* **WHAT IS EXPECTED**: In the data below, find each line containing the string "unfolding" and return it.

- Opening Delimiter -

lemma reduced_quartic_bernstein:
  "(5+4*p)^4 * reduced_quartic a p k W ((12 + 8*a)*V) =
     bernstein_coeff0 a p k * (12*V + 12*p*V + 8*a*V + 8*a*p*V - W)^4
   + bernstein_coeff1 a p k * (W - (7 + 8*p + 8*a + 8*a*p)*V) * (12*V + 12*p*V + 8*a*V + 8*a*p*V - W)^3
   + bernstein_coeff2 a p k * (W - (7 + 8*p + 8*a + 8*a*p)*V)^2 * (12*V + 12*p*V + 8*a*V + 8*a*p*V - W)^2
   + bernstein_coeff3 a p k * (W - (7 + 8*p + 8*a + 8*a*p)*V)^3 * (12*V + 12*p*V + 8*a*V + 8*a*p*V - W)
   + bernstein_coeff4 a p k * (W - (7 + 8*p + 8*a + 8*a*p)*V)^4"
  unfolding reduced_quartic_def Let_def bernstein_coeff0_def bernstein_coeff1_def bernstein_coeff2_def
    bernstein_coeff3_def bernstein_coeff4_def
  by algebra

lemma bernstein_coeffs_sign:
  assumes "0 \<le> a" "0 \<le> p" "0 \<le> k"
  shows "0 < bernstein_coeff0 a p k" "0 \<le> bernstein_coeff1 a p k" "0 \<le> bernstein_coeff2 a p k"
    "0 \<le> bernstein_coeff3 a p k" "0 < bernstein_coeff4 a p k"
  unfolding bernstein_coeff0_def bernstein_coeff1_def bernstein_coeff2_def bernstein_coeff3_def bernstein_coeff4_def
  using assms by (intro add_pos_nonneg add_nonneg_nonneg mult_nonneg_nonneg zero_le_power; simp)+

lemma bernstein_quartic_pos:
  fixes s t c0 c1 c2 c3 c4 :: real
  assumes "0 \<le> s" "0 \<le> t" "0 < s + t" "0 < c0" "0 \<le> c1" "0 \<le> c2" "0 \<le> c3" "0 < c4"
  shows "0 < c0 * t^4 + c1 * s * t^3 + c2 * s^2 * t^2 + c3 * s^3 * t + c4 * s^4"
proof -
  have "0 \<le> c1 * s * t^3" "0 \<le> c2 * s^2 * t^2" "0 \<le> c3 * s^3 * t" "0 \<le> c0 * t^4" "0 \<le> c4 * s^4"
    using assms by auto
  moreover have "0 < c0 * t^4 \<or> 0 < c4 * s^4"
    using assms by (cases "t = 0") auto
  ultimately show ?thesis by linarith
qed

- Closing Delimiter -
- Opening Delimiter -

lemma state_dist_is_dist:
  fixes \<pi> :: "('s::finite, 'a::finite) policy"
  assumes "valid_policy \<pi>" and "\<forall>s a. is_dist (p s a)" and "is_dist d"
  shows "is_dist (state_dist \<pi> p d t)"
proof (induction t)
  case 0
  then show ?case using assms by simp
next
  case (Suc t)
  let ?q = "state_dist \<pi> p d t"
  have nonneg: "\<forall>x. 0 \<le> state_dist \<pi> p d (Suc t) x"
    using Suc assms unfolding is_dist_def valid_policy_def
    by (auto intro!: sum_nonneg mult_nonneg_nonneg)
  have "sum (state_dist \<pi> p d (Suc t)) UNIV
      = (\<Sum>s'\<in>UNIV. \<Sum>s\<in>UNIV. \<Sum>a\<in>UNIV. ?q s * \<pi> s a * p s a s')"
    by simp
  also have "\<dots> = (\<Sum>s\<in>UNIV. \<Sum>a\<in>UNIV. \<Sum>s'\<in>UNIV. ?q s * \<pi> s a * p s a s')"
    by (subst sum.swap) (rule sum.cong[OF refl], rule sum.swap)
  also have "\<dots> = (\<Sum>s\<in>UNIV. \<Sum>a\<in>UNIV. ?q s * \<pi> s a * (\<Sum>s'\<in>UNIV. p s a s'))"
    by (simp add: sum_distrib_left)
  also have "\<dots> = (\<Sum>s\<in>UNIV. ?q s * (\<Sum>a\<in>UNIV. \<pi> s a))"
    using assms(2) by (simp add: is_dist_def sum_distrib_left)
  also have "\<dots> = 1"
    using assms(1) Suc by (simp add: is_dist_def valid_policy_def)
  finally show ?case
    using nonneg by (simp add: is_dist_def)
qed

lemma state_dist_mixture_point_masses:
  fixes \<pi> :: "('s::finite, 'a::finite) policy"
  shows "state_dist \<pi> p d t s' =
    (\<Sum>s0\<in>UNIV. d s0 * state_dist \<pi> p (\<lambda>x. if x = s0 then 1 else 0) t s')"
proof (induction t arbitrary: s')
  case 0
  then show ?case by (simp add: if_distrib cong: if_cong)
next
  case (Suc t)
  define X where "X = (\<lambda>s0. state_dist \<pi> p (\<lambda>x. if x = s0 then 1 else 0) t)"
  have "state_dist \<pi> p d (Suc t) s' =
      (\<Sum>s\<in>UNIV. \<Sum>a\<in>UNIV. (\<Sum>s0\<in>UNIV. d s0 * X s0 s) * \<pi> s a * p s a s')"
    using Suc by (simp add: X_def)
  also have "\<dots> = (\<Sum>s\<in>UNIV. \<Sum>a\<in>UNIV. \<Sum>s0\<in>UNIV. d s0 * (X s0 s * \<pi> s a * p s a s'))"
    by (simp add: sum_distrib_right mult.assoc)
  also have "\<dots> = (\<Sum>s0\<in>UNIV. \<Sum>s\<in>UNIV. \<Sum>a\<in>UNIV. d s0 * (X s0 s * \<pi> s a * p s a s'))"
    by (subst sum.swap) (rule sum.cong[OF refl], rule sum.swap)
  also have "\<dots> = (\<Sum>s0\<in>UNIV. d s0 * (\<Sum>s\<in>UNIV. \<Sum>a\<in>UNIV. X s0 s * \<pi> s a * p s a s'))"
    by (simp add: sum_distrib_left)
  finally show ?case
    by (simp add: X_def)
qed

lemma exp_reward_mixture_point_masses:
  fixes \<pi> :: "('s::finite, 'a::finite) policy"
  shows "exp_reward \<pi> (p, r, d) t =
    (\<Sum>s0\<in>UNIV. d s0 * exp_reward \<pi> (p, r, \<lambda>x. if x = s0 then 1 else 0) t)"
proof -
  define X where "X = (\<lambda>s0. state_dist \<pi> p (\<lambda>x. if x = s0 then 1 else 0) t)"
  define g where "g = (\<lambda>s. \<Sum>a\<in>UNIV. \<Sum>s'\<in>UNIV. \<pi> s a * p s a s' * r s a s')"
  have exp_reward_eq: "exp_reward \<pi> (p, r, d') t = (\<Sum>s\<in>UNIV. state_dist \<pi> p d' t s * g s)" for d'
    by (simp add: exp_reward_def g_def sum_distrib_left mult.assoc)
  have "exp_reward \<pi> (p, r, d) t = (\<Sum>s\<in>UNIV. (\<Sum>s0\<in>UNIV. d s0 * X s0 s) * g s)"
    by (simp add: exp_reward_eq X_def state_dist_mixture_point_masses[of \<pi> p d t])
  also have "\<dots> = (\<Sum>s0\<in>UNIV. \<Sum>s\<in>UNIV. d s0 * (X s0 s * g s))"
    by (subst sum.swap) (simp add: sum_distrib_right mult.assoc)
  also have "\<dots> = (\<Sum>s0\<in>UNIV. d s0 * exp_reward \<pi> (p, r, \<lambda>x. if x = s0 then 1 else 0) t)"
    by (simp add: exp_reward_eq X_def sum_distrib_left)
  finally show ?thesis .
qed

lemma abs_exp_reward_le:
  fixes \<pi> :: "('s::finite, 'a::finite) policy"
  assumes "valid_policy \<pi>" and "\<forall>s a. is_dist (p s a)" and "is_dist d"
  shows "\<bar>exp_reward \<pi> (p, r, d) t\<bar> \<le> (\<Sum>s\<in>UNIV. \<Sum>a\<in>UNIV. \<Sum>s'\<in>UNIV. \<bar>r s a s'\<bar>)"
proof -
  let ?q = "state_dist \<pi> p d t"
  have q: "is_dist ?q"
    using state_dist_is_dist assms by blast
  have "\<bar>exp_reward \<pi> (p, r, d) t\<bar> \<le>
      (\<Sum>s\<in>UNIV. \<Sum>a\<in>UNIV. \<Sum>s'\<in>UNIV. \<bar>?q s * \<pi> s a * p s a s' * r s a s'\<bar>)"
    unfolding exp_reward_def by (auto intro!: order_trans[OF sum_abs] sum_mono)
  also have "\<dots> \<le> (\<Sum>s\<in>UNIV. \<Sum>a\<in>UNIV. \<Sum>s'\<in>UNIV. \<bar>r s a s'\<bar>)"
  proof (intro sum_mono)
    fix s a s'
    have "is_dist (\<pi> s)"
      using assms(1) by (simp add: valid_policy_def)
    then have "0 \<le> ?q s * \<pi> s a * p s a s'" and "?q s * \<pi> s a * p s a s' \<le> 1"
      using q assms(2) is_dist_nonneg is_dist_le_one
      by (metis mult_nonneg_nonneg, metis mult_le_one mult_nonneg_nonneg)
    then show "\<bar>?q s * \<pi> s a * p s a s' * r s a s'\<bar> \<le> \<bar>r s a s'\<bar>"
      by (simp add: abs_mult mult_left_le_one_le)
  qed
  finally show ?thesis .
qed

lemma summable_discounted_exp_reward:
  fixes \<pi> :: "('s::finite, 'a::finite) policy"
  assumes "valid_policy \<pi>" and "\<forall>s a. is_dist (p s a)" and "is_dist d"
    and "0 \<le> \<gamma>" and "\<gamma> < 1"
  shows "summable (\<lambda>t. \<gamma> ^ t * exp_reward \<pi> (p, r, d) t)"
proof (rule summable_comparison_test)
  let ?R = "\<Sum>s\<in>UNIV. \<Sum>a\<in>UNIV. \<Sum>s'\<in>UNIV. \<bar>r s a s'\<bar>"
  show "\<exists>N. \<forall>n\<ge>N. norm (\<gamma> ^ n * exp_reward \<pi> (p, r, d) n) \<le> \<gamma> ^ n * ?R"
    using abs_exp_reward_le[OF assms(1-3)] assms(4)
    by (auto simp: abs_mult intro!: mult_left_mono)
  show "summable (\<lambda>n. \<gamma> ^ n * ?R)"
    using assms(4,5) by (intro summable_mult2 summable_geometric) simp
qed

- Closing Delimiter -

* **SOLUTION**:
  unfolding reduced_quartic_def Let_def bernstein_coeff0_def bernstein_coeff1_def bernstein_coeff2_def
  unfolding bernstein_coeff0_def bernstein_coeff1_def bernstein_coeff2_def bernstein_coeff3_def bernstein_coeff4_def
    using Suc assms unfolding is_dist_def valid_policy_def
    unfolding exp_reward_def by (auto intro!: order_trans[OF sum_abs] sum_mono)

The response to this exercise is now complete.